Over the past year, a number of state governments have attempted to curtail boycotts of the state of Israel, often in response to student-led efforts to commit their universities to “boycott, divest, and sanction” Israel. In Minnesota, one such bill was adopted by the state’s House of Representatives last week, despite criticism from the ACLU of Minnesota on First Amendment grounds. If the bill is ultimately passed into law as written, it will create a substantial risk of chilling student and academic speech at Minnesota’s public campuses.
Minnesota’s HF 400 provides, in relevant part:
Discrimination by vendor. (a) A state agency, including the Minnesota
State Colleges and Universities, and entities in the legislative branch may not enter into a contract with a vendor that engages in discrimination against Israel, or against persons or entities doing business in Israel, when making decisions related to the operation of the vendor’s business.
(b) For purposes of this section, ‘discrimination’ includes but is not limited to engaging in refusals to deal, terminating business activities, or other actions that are intended to limit commercial relations with Israel, or persons or entities doing business in Israel, when such actions are taken in a manner that in any way discriminates on the basis of nationality or national origin and is not based on a valid business reason.
FIRE has several concerns with HF 400 as written.
First, the language of the bill can be construed to include speech. Advocating for boycotts of Israel—as do a number of prominent scholars and public intellectuals who work and speak on university campuses—could be considered “other actions that are intended to limit commercial relations with Israel,” potentially sweeping expressive activity into the reach of the statute.
Second, the bill expressly names Minnesota’s public colleges and universities, then requires them to avoid doing business with any “vendor” that engages in these actions. But the bill does not define the term “vendor,” nor does Minnesota law appear to provide a consistent definition of the term. One definition promulgated in Minnesota is quite broad, asserting that “vendor” refers to “a provider of goods or services.”
Given that the bill expressly targets universities and provides no definition of “vendor,” it makes sense to look at how universities have traditionally used the term. This is where problems arise.

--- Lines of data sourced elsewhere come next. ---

lemma biclique_of_common_neighbourhoods:
  fixes N :: "'a \<Rightarrow> 'b set"
  assumes "finite A" "finite Y" "t \<le> card Y"
    and N: "\<And>x. x \<in> A \<Longrightarrow> N x \<subseteq> Y \<and> k \<le> card (N x)"
    and count: "real t * real (card Y choose t) \<le> real (card A) * real (k choose t)"
  obtains A' S where "A' \<subseteq> A" "S \<subseteq> Y" "card A' = t" "card S = t" "\<And>x. x \<in> A' \<Longrightarrow> S \<subseteq> N x"
proof -
  define T where "T = {S. S \<subseteq> Y \<and> card S = t}"
  have T: "finite T" "card T = card Y choose t"
    using assms(2) n_subsets[OF assms(2)] by (simp_all add: T_def)
  then have "T \<noteq> {}"
    using assms(3) by auto
  have choose: "card {S\<in>T. S \<subseteq> N x} = card (N x) choose t" if "x \<in> A" for x
  proof -
    have "{S\<in>T. S \<subseteq> N x} = {S. S \<subseteq> N x \<and> card S = t}"
      using N[OF that] by (auto simp: T_def)
    moreover have "finite (N x)"
      using N[OF that] assms(2) finite_subset by blast
    ultimately show ?thesis
      by (simp add: n_subsets)
  qed
  have "card A * (k choose t) \<le> (\<Sum>x\<in>A. card {S\<in>T. S \<subseteq> N x})"
    using sum_bounded_below[of A "k choose t"] N by (simp add: choose binomial_right_mono)
  also have "\<dots> = (\<Sum>S\<in>T. card {x\<in>A. S \<subseteq> N x})"
    using sum.swap_restrict[OF assms(1) T(1), of "\<lambda>_ _. 1::nat"] by simp
  finally have "real (card A) * real (k choose t) \<le> (\<Sum>S\<in>T. real (card {x\<in>A. S \<subseteq> N x}))"
    by (simp flip: of_nat_mult of_nat_sum)
  with count T(2) have "real t * card T \<le> (\<Sum>S\<in>T. real (card {x\<in>A. S \<subseteq> N x}))"
    by simp
  then obtain S where S: "S \<in> T" "t \<le> card {x\<in>A. S \<subseteq> N x}"
    using exists_ge_average[OF T(1) \<open>T \<noteq> {}\<close>] by fastforce
  then obtain A' where "A' \<subseteq> {x\<in>A. S \<subseteq> N x}" "card A' = t"
    by (meson obtain_subset_with_card_n)
  with S(1) show thesis
    by (intro that[of A' S]) (auto simp: T_def)
qed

Many universities treat public speakers and lecturers as vendors when entering into contracts for public appearances and speeches. This includes speakers invited by the university itself as well as those invited by student organizations, as it is often the university itself which enters into contracts on behalf of the student organization. At the University of Minnesota, for example, the school’s “Supplier Authorization/Change Form” (referred to elsewhere as the “Vendor Authorization Form”) lists “Speaker/Lecturer” as one of the types of services provided. Similarly, St. Cloud State University has a form that is to be “filled in by all nonresident alien vendors, including speakers[.]”
Because HF 400 can be read to apply to speakers invited to address audiences at public universities, it places an unacceptable limitation on whom students or faculty may invite to speak. Notably, the law would “not apply to contracts with a value of less than $1,000.” Similar bills in other states have applied a monetary threshold high enough that it is unlikely to ever apply to a public speaker or lecturer. By contrast, the $1,000 threshold here is low enough to apply to campus speakers in a discriminatory manner. As written, the proposed Minnesota law means students and faculty could only invite a speaker who boycotts Israel if he or she agreed to reduce speaking fees to less than $999. Speakers who do not boycott Israel, however, could charge as much as they’d like.

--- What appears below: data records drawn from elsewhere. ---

(* Let $q,d\geq 2$ be coprime integers. Suppose that for every $\mathbf{s}\in\mathbb{Z}^5$ the density $\delta(q,d;\mathbf{s})$ exists. Then for every $\theta_w,x\in\mathbb{Z}/d\mathbb{Z}$ and every unit $\theta_u$ of $\mathbb{Z}/d\mathbb{Z}$, $$\delta(q,d;\theta_u,\theta_w,0,0,x)=\frac{1}{d}.$$ In particular, the map $n\mapsto u_q(n)$ is uniformly distributed modulo $d$ (every residue class modulo $d$ is attained by $u_q(n)$ on a set of $n$ of natural density $1/d$).
   Context: For an integer $q\geq 2$ and $n\in\mathbb{N}$: $v_q(0)=0$ and, for $n>0$, $v_q(n)=\max\{k: q^k\mid n\}$; $w_q(n)=\sum_{i=0}^n v_q(i)$; $u_q(n)=\sum_{i=0}^n w_q(i)$. For $\mathbf{s}=(\theta_u,\theta_w,\theta_2,\theta_1,\theta_0)$ with entries in $\mathbb{Z}$ or $\mathbb{Z}/d\mathbb{Z}$, $\gamma(A,q,d;\mathbf{s})$ is the number of $n\in\mathbb{N}$, $n<A$, with $\theta_u u_q(n)+\theta_w w_q(n)+\theta_2\frac{n(n+1)}{2}+\theta_1 n+\theta_0\equiv 0\pmod d$, and $\delta(q,d;\mathbf{s})=\lim_{N\to\infty}\gamma(N,q,d;\mathbf{s})/N$ (when the limit exists). *)

theory Defs
  imports Complex_Main
begin

definition vq :: "nat \<Rightarrow> nat \<Rightarrow> nat" where
  "vq q n = (if n = 0 then 0 else (GREATEST k. q ^ k dvd n))"

definition wq :: "nat \<Rightarrow> nat \<Rightarrow> nat" where
  "wq q n = (\<Sum>i\<le>n. vq q i)"

definition uq :: "nat \<Rightarrow> nat \<Rightarrow> nat" where
  "uq q n = (\<Sum>i\<le>n. wq q i)"

text \<open>Parameter vector s = (theta_u, theta_w, theta_2, theta_1, theta_0); entries are integers,
  residues mod d are represented by integer representatives.\<close>
type_synonym param = "int \<times> int \<times> int \<times> int \<times> int"

definition gamma_count :: "nat \<Rightarrow> nat \<Rightarrow> nat \<Rightarrow> param \<Rightarrow> nat" where
  "gamma_count A q d s = (case s of (tu, tw, t2, t1, t0) \<Rightarrow>
     card {n. n < A \<and>
       (tu * int (uq q n) + tw * int (wq q n) + t2 * int (n * (n + 1) div 2)
        + t1 * int n + t0) mod int d = 0})"

definition gamma_ratio :: "nat \<Rightarrow> nat \<Rightarrow> param \<Rightarrow> nat \<Rightarrow> real" where
  "gamma_ratio q d s N = real (gamma_count N q d s) / real N"

end

(* The phase a u_q(n) + b w_q(n) + c n is almost self-similar: if q^L = 1 (mod d) and d divides
   w_q(q^L), then modulo d the phase of q^L m + r is the phase of r plus the phase of m with
   parameters (a, b + r a, a u_q(q^L - 1) + c).  Consequently the mean value E(a, b, c) of
   exp(2 pi i phase(n) / d) is the average over r < q^L of exp(2 pi i phase(r) / d) E(a, b + r a, c').
   Take (a, b, c) with d not dividing a for which |E| is maximal.  If this maximum were positive,
   equality in the triangle inequality would force phase(r + d) = phase(r) modulo d for every r;
   but the third difference of the phase at q d and q^2 d equals a and 2 a, so d would divide a.
   Hence E(a, b, c) = 0 whenever d does not divide a, and orthogonality of the characters modulo d
   gives density 1/d as soon as theta_u is a unit. *)

theory Submission
  imports Defs "HOL-Number_Theory.Number_Theory" "HOL-Library.Real_Mod"
begin

section \<open>Additive characters modulo d\<close>

definition add_char :: "nat \<Rightarrow> int \<Rightarrow> complex" where
  "add_char d x = cis (2 * pi * of_int x / of_nat d)"

lemma add_char_add: "add_char d (x + y) = add_char d x * add_char d y"
  by (simp add: add_char_def cis_mult add_divide_distrib distrib_left)

lemma add_char_0 [simp]: "add_char d 0 = 1"
  by (simp add: add_char_def)

lemma norm_add_char [simp]: "norm (add_char d x) = 1"
  by (simp add: add_char_def)

lemma add_char_eq_1_iff:
  assumes "d > 0"
  shows "add_char d x = 1 \<longleftrightarrow> int d dvd x"
proof -
  have "add_char d x = 1 \<longleftrightarrow> (\<exists>n::int. (of_int x :: real) = of_int (n * int d))"
    using assms by (simp add: add_char_def cis_eq_1_iff field_simps)
  also have "\<dots> \<longleftrightarrow> int d dvd x"
    by (simp only: of_int_eq_iff) (auto simp: mult.commute)
  finally show ?thesis .
qed

lemma add_char_eq_iff:
  assumes "d > 0"
  shows "add_char d x = add_char d y \<longleftrightarrow> [x = y] (mod int d)"
proof -
  have "add_char d x = add_char d (x - y) * add_char d y"
    by (simp flip: add_char_add)
  then have "add_char d x = add_char d y \<longleftrightarrow> add_char d (x - y) = 1"
    using norm_add_char[of d y] by (auto simp del: norm_add_char)
  then show ?thesis
    using assms by (simp add: add_char_eq_1_iff cong_iff_dvd_diff)
qed

lemma add_char_of_nat_mult: "add_char d (int k * y) = add_char d y ^ k"
proof (induction k)
  case (Suc k)
  have "int (Suc k) * y = y + int k * y" by (simp add: algebra_simps)
  then show ?case by (simp add: add_char_add Suc.IH)
qed simp

lemma sum_add_char:
  assumes "d > 0"
  shows "(\<Sum>k<d. add_char d (int k * y)) = (if int d dvd y then of_nat d else 0)"
proof -
  have "add_char d y ^ d = 1"
    using assms by (simp flip: add_char_of_nat_mult add: add_char_eq_1_iff)
  moreover have "add_char d y = 1 \<longleftrightarrow> int d dvd y"
    using assms by (rule add_char_eq_1_iff)
  ultimately show ?thesis
    by (simp add: add_char_of_nat_mult sum_gp_strict)
qed

lemma unit_eq_if_norm_add_ge_2:
  fixes u v :: complex
  assumes "norm u = 1" "norm v = 1" "2 \<le> norm (u + v)"
  shows "u = v"
proof -
  have "norm (u + v)^2 + norm (u - v)^2 = 2 * norm u ^ 2 + 2 * norm v ^ 2"
    by (simp only: cmod_power2) (simp add: power2_eq_square algebra_simps)
  then have "norm (u + v)^2 + norm (u - v)^2 = 4"
    by (simp add: assms(1,2))
  moreover have "4 \<le> norm (u + v)^2"
    using assms(3) by (metis power_mono zero_le_numeral power2_eq_square numeral_times_numeral num_double)
  ultimately have "norm (u - v)^2 \<le> 0"
    by linarith
  then show ?thesis by simp
qed

lemma norm_pair_ge_if_norm_sum_maximal:
  fixes z :: "'a \<Rightarrow> 'b::real_normed_vector"
  assumes "finite A" "i \<in> A" "j \<in> A" "i \<noteq> j"
    and bound: "\<And>k. k \<in> A \<Longrightarrow> norm (z k) \<le> M"
    and maximal: "real (card A) * M \<le> norm (\<Sum>k\<in>A. z k)"
  shows "2 * M \<le> norm (z i + z j)"
proof -
  define B where "B = A - {i} - {j}"
  have j: "j \<in> A - {i}" using assms(3,4) by simp
  have "(\<Sum>k\<in>A. z k) = z i + z j + (\<Sum>k\<in>B. z k)"
    unfolding B_def using sum.remove[OF assms(1,2), of z] sum.remove[OF _ j, of z] assms(1)
    by (simp add: add.assoc)
  then have "norm (\<Sum>k\<in>A. z k) \<le> norm (z i + z j) + norm (\<Sum>k\<in>B. z k)"
    by (simp add: norm_triangle_ineq)
  also have "norm (\<Sum>k\<in>B. z k) \<le> (\<Sum>k\<in>B. M)"
    using bound by (intro order_trans[OF norm_sum sum_mono]) (simp add: B_def)
  also have "\<dots> = (real (card A) - 2) * M"
  proof -
    have card: "Suc (Suc (card B)) = card A"
      using card_Suc_Diff1[OF assms(1,2)] card_Suc_Diff1[of "A - {i}" j] j assms(1) by (simp add: B_def)
    show ?thesis by (simp flip: card)
  qed
  finally show ?thesis using maximal by (simp add: algebra_simps)
qed

section \<open>Valuations and the block structure of w_q and u_q\<close>

lemma vq_eq_multiplicity:
  assumes "q \<noteq> 1"
  shows "vq q n = multiplicity q n"
proof (cases "n = 0")
  case False
  have "\<not> is_unit q" using assms by simp
  then have "(GREATEST k. q ^ k dvd n) = multiplicity q n"
    using False by (intro Greatest_equality) (auto simp: multiplicity_dvd power_dvd_iff_le_multiplicity)
  then show ?thesis using False by (simp add: vq_def)
qed (simp add: vq_def)

lemma wq_0 [simp]: "wq q 0 = 0"
  by (simp add: wq_def vq_def)

lemma wq_Suc: "wq q (Suc n) = wq q n + vq q (Suc n)"
  by (simp add: wq_def)

lemma uq_Suc: "uq q (Suc n) = uq q n + wq q (Suc n)"
  by (simp add: uq_def)

locale radix =
  fixes q :: nat
  assumes radix_ge_2: "q \<ge> 2"
begin

lemma vq_eq_multiplicity_radix [simp]: "vq q n = multiplicity q n"
  using radix_ge_2 by (simp add: vq_eq_multiplicity)

lemma multiplicity_pow_mult:
  assumes "m > 0"
  shows "multiplicity q (q ^ L * m) = L + multiplicity q m"
proof -
  obtain m' where m': "m = q ^ multiplicity q m * m'" "\<not> q dvd m'"
    using assms radix_ge_2 multiplicity_decompose'[of m q] by auto
  have "q ^ L * m = q ^ (L + multiplicity q m) * m'"
    by (subst m'(1)) (simp add: power_add)
  then show ?thesis using m'(2) radix_ge_2 by (simp add: multiplicity_decomposeI)
qed

lemma multiplicity_block_offset:
  assumes "0 < i" "i < q ^ L"
  shows "multiplicity q (q ^ L * m + i) = multiplicity q i"
proof (cases "m = 0")
  case False
  have "q ^ multiplicity q i \<le> i"
    using assms(1) by (simp add: dvd_imp_le multiplicity_dvd)
  then have "multiplicity q i < L"
    using assms(2) radix_ge_2 by (metis le_less_trans nat_power_less_imp_less zero_less_numeral order_less_le_trans)
  also have "L \<le> multiplicity q (q ^ L * m)"
    using False by (simp add: multiplicity_pow_mult)
  finally show ?thesis
    using False assms(1) radix_ge_2 by (simp add: multiplicity_sum_lt add.commute)
qed simp

lemma wq_block_offset:
  assumes "r < q ^ L"
  shows "wq q (q ^ L * m + r) = wq q (q ^ L * m) + wq q r"
  using assms
proof (induction r)
  case (Suc r)
  have "multiplicity q (q ^ L * m + Suc r) = multiplicity q (Suc r)"
    using Suc.prems by (intro multiplicity_block_offset) auto
  with Suc show ?case by (simp add: wq_Suc)
qed simp

lemma wq_mult_pow: "wq q (q ^ L * m) = m * wq q (q ^ L) + wq q m"
proof (induction m)
  case (Suc m)
  let ?Q = "q ^ L"
  have Q_pos: "?Q > 0" using radix_ge_2 by simp
  then have split: "?Q * Suc m = Suc (?Q * m + (?Q - 1))" "?Q = Suc (?Q - 1)"
    by (simp_all add: algebra_simps)
  have "wq q (?Q * Suc m) = wq q (?Q * m + (?Q - 1)) + multiplicity q (?Q * Suc m)"
    by (metis split(1) wq_Suc vq_eq_multiplicity_radix)
  also have "\<dots> = wq q (?Q * m) + (wq q (?Q - 1) + L) + multiplicity q (Suc m)"
    using Q_pos by (simp add: wq_block_offset multiplicity_pow_mult del: mult_Suc_right)
  also have "wq q (?Q - 1) + L = wq q ?Q"
    using radix_ge_2 wq_Suc[of q "?Q - 1"] by (simp add: multiplicity_same_power' flip: split(2))
  finally show ?case using Suc.IH by (simp add: wq_Suc)
qed simp

lemma wq_block:
  assumes "r < q ^ L"
  shows "wq q (q ^ L * m + r) = m * wq q (q ^ L) + wq q m + wq q r"
  using assms by (simp add: wq_block_offset wq_mult_pow)

text \<open>\<open>uq_below n\<close> is \<open>u\<^sub>q(n - 1)\<close>, with the convention \<open>u\<^sub>q(-1) = 0\<close>.\<close>

definition uq_below :: "nat \<Rightarrow> nat" where
  "uq_below n = (\<Sum>i<n. wq q i)"

lemma uq_below_Suc: "uq_below (Suc n) = uq_below n + wq q n"
  by (simp add: uq_below_def)

lemma uq_below_0 [simp]: "uq_below 0 = 0"
  by (simp add: uq_below_def)

lemma uq_eq_uq_below: "uq q n = uq_below (Suc n)"
  by (simp add: uq_below_def uq_def lessThan_Suc_atMost)

lemma uq_below_block_offset:
  assumes "r \<le> q ^ L"
  shows "uq_below (q ^ L * m + r) = uq_below (q ^ L * m) + r * (m * wq q (q ^ L) + wq q m) + uq_below r"
  using assms
proof (induction r)
  case (Suc r)
  then have "wq q (q ^ L * m + r) = m * wq q (q ^ L) + wq q m + wq q r"
    by (intro wq_block) simp
  with Suc show ?case by (simp add: uq_below_Suc algebra_simps)
qed simp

The proposed law also says that it would not prohibit “a vendor from engaging in free speech” protected by the First Amendment. However, adding a disclaimer that a law encompassing speech acts is not intended to prohibit free speech does little to meaningfully clarify the issue. These disclaimers, known as “savings clauses,” may superficially comfort legislators and others concerned about the impact of legislation on civil liberties, but they do little to actually address the thorny issues raised by the legislation. If Minnesota legislators wanted to meaningfully prevent this application of the law to campus speech, they could readily exempt public speakers or advocacy groups from the law’s primary functions.

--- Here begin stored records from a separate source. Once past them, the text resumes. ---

lemma obtain_cover_below:
  assumes A: "A \<in> S" and C: "C \<in> S" and "A \<subset> C"
  obtains D where "D \<in> S" "A \<subset> D" "D \<subseteq> C" "\<And>E. E \<in> S \<Longrightarrow> A \<subset> E \<Longrightarrow> \<not> E \<subset> D"
proof -
  have "C \<in> {E \<in> S. A \<subset> E \<and> E \<subseteq> C}" using C \<open>A \<subset> C\<close> by simp
  then obtain D where D: "D \<in> {E \<in> S. A \<subset> E \<and> E \<subseteq> C}"
    and D_min: "\<And>E. (E, D) \<in> {(E', E). E \<in> S \<and> E' \<in> S \<and> A \<subseteq> E' \<and> E' \<subset> E} \<Longrightarrow>
                  E \<notin> {E \<in> S. A \<subset> E \<and> E \<subseteq> C}"
    by (rule wfE_min[OF wf_psubset_above[OF A]]) blast
  have "\<not> E \<subset> D" if "E \<in> S" "A \<subset> E" for E
    using D D_min[of E] that by blast
  with D show thesis using that by blast
qed

abbreviation adjacent :: "'a set set \<Rightarrow> 'a set set \<Rightarrow> bool" where
  "adjacent \<equiv> edge_rel S (cls X S) (\<lambda>A. cls X S (X - A))"

lemma adjacent_cls_compl: "A \<in> S \<Longrightarrow> adjacent (cls X S A) (cls X S (X - A))"
  unfolding edge_rel_def by (rule bexI[of _ A]) simp_all

lemma adjacent_rtranclp_if_subset:
  assumes C: "C \<in> S"
  shows "A \<in> S \<Longrightarrow> A \<subseteq> C \<Longrightarrow> adjacent\<^sup>*\<^sup>* (cls X S A) (cls X S C)"
proof (induction A rule: wf_induct_rule[OF wf_psupset_below[OF C]])
  case (1 A)
  show ?case
  proof (cases "A = C")
    case False
    then have "A \<subset> C" using 1(3) by blast
    then obtain D where D: "D \<in> S" "A \<subset> D" "D \<subseteq> C"
      and cover: "\<And>E. E \<in> S \<Longrightarrow> A \<subset> E \<Longrightarrow> \<not> E \<subset> D"
      using obtain_cover_below[OF 1(2) C] by blast
    have "adjacent (cls X S (X - D)) (cls X S D)"
      using adjacent_cls_compl[OF compl_mem[OF D(1)]] D(1) by simp
    then have "adjacent (cls X S A) (cls X S D)"
      using cls_eq_cls_compl_if_cover[OF 1(2) D(1,2) cover] by simp
    moreover have "adjacent\<^sup>*\<^sup>* (cls X S D) (cls X S C)"
      by (rule 1(1)) (use 1(2) D in auto)
    ultimately show ?thesis by (rule converse_rtranclp_into_rtranclp)
  qed simp
qed

lemma adjacent_rtranclp:
  assumes A: "A \<in> S" and B: "B \<in> S"
  shows "adjacent\<^sup>*\<^sup>* (cls X S A) (cls X S B)"
proof -
  have to_compl: "adjacent\<^sup>*\<^sup>* (cls X S E) (cls X S (X - E))" and
    from_compl: "adjacent\<^sup>*\<^sup>* (cls X S (X - E)) (cls X S E)" if "E \<in> S" for E
    using adjacent_cls_compl[OF that] adjacent_cls_compl[OF compl_mem[OF that]] that by auto
  note up = adjacent_rtranclp_if_subset
  have X: "A \<subseteq> X" "B \<subseteq> X" using A B mem_subset by auto
  from nestedD[OF A B] show ?thesis
  proof (elim disjE)
    assume "A \<inter> B = {}"
    then have "A \<subseteq> X - B" using X by blast
    then show ?thesis using up[OF compl_mem[OF B] A] from_compl[OF B] by (blast intro: rtranclp_trans)
  next
    assume "A \<inter> (X - B) = {}"
    then have "A \<subseteq> B" using X by blast
    then show ?thesis using up[OF B A] by blast
  next
    assume "(X - A) \<inter> B = {}"
    then have "X - A \<subseteq> X - B" using X by blast
    then show ?thesis using up[OF compl_mem[OF B] compl_mem[OF A]] to_compl[OF A] from_compl[OF B]
      by (blast intro: rtranclp_trans)
  next
    assume "(X - A) \<inter> (X - B) = {}"
    then have "X - A \<subseteq> B" using X by blast
    then show ?thesis using up[OF B compl_mem[OF A]] to_compl[OF A] by (blast intro: rtranclp_trans)
  qed
qed

lemma reduced_path_antitone:
  assumes path: "is_path S (cls X S) (\<lambda>A. cls X S (X - A)) es v w"
    and reduced: "reduced_path (\<lambda>A. X - A) es"
  shows "k < length es \<Longrightarrow> es ! k \<subseteq> es ! 0"
proof (induction k)
  case (Suc k)
  have "es ! k \<in> S" using path Suc.prems unfolding is_path_def by auto
  moreover have "cls X S (X - es ! k) = cls X S (es ! Suc k)" "es ! Suc k \<noteq> X - es ! k"
    using path reduced Suc.prems unfolding is_path_def reduced_path_def by auto
  ultimately have "es ! Suc k \<subset> es ! k" by (rule psubset_if_cls_compl_eq)
  then show ?case using Suc by simp
qed simp

lemma no_reduced_cycle:
  assumes path: "is_path S (cls X S) (\<lambda>A. cls X S (X - A)) es v v"
    and reduced: "reduced_path (\<lambda>A. X - A) es"
  shows False
proof -
  define n where "n = length es - 1"
  have n: "n < length es" and "last es = es ! n" "hd es = es ! 0"
    using path unfolding is_path_def n_def by (auto simp: last_conv_nth hd_conv_nth)
  then have closing: "cls X S (X - es ! n) = cls X S (es ! 0)"
    using path unfolding is_path_def by auto
  have S: "es ! 0 \<in> S" "es ! n \<in> S" using path n unfolding is_path_def by auto
  have "es ! n \<subseteq> es ! 0" using reduced_path_antitone[OF path reduced n] .
  then show False
    using psubset_if_cls_compl_eq[OF S(2) closing] mem_nonempty[OF S(2)] by blast
qed

lemma T_tree_if_nonempty: "S \<noteq> {} \<Longrightarrow> T_tree X S"
  unfolding serre_tree_def
proof (intro conjI ballI)
  fix A assume "A \<in> S"
  then show "cls X S A \<in> Vert X S" "cls X S (X - A) \<in> Vert X S" "X - A \<in> S" "X - A \<noteq> A"
    "X - (X - A) = A" "cls X S (X - A) = cls X S (X - A)"
    using compl_mem mem_nonempty unfolding Vert_def by auto
next
  fix v w assume "v \<in> Vert X S" "w \<in> Vert X S"
  then obtain A B where "A \<in> S" "B \<in> S" "v = cls X S A" "w = cls X S B"
    unfolding Vert_def by blast
  then show "v = w \<or> (\<exists>es. is_path S (cls X S) (\<lambda>A. cls X S (X - A)) es v w)"
    using is_path_if_rtranclp_edge_rel[OF adjacent_rtranclp] by simp
next
  show "\<not> (\<exists>es v. is_path S (cls X S) (\<lambda>A. cls X S (X - A)) es v v \<and> reduced_path (\<lambda>A. X - A) es)"
    using no_reduced_cycle by blast
qed (simp add: Vert_def)

lemma eq_if_same_endpoints:
  assumes A: "A \<in> S" and B: "B \<in> S"
    and "cls X S A = cls X S B" and "cls X S (X - A) = cls X S (X - B)"
  shows "A = B"
proof (rule ccontr)
  assume "A \<noteq> B"
  then have "B \<subset> X - A"
    using psubset_if_cls_compl_eq[OF compl_mem[OF A]] assms(3) A by simp
  moreover have "X - B \<subset> A"
    using psubset_if_cls_compl_eq[OF A assms(4)] \<open>A \<noteq> B\<close> A B mem_subset by blast
  ultimately show False using A B mem_subset by blast
qed

lemma disjoint_if_mem_cls:
  assumes A: "A \<in> S" and "B \<in> cls X S A" and "B \<noteq> A"
  shows "A \<inter> B = {}"
proof -
  have "max_orth X S A B" using assms(2,3) unfolding cls_def by simp
  then show ?thesis unfolding max_orth_iff[OF A] by blast
qed

context
  fixes f :: "'a \<Rightarrow> 'a"
  assumes bij_f: "bij_betw f X X" and image_S: "image f ` S = S"
begin

lemma image_mem: "A \<in> S \<Longrightarrow> f ` A \<in> S"
  using image_S by blast

lemma image_compl: "A \<subseteq> X \<Longrightarrow> f ` (X - A) = X - f ` A"
  using inj_on_image_set_diff[OF bij_betw_imp_inj_on[OF bij_f], of X A] bij_betw_imp_surj_on[OF bij_f]
  by simp

lemma image_subset_iff_subset: "A \<subseteq> X \<Longrightarrow> B \<subseteq> X \<Longrightarrow> f ` A \<subseteq> f ` B \<longleftrightarrow> A \<subseteq> B"
  using inj_on_image_mem_iff[OF bij_betw_imp_inj_on[OF bij_f]] by blast

lemma image_psubset_iff: "A \<subseteq> X \<Longrightarrow> B \<subseteq> X \<Longrightarrow> f ` A \<subset> f ` B \<longleftrightarrow> A \<subset> B"
  by (simp add: less_le image_subset_iff_subset inj_on_image_eq_iff[OF bij_betw_imp_inj_on[OF bij_f]])

lemma bex_image_S_iff: "(\<exists>C\<in>S. P C) \<longleftrightarrow> (\<exists>C\<in>S. P (f ` C))"
proof -
  have "(\<exists>C\<in>S. P C) \<longleftrightarrow> (\<exists>C\<in>image f ` S. P C)" by (simp only: image_S)
  also have "\<dots> \<longleftrightarrow> (\<exists>C\<in>S. P (f ` C))" by blast
  finally show ?thesis .
qed

lemma max_orth_image_iff:
  assumes A: "A \<in> S" and B: "B \<in> S"
  shows "max_orth X S (f ` A) (f ` B) \<longleftrightarrow> max_orth X S A B"
proof -
  have X: "A \<subseteq> X" "B \<subseteq> X" "X - A \<subseteq> X" using A B mem_subset by auto
  have psubset_image_iff: "f ` C \<subset> f ` (X - A) \<and> f ` B \<subset> f ` C \<longleftrightarrow> C \<subset> X - A \<and> B \<subset> C"
    if "C \<in> S" for C
    using image_psubset_iff[OF mem_subset[OF that] X(3)] image_psubset_iff[OF X(2) mem_subset[OF that]]
    by (rule arg_cong2[where f = conj])
  have "(\<exists>C\<in>S. C \<subset> f ` (X - A) \<and> f ` B \<subset> C) \<longleftrightarrow> (\<exists>C\<in>S. f ` C \<subset> f ` (X - A) \<and> f ` B \<subset> f ` C)"
    by (rule bex_image_S_iff)
  also have "\<dots> \<longleftrightarrow> (\<exists>C\<in>S. C \<subset> X - A \<and> B \<subset> C)"
    by (rule bex_cong[OF refl psubset_image_iff])
  finally have competitors: "(\<exists>C\<in>S. C \<subset> X - f ` A \<and> f ` B \<subset> C) \<longleftrightarrow> (\<exists>C\<in>S. C \<subset> X - A \<and> B \<subset> C)"
    unfolding image_compl[OF X(1)] .
  have "f ` B \<subset> X - f ` A \<longleftrightarrow> B \<subset> X - A"
    unfolding image_compl[OF X(1), symmetric] using image_psubset_iff[OF X(2,3)] .
  then show ?thesis
    unfolding max_orth_iff[OF A] max_orth_iff[OF image_mem[OF A]] competitors
    by (simp add: image_mem[OF B] B)
qed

FIRE takes no position on the movement to boycott, divest from, or sanction Israel, except to the extent that some decisions made in the movement’s name — or in opposition to it — could impair academic freedom (such as if a university or professional association enforces a boycott and prevents its members from interacting with scholars who live in Israel.)
However, students and professors must be perfectly free to support, or oppose, a boycott of Israel or any other country they wish, and to engage with speakers and lecturers who engage in or promote such efforts.
HF 400’s companion bill, SF 247, still requires approval by the Minnesota Senate for the proposed law to take effect. FIRE hopes that Minnesota’s Senate will decline to pass this measure as written or, should the measure pass the Senate, that Minnesota’s governor will veto it. The ability of students and faculty alike to invite speakers of their choosing should not be subjected to litmus tests based on the views of other people.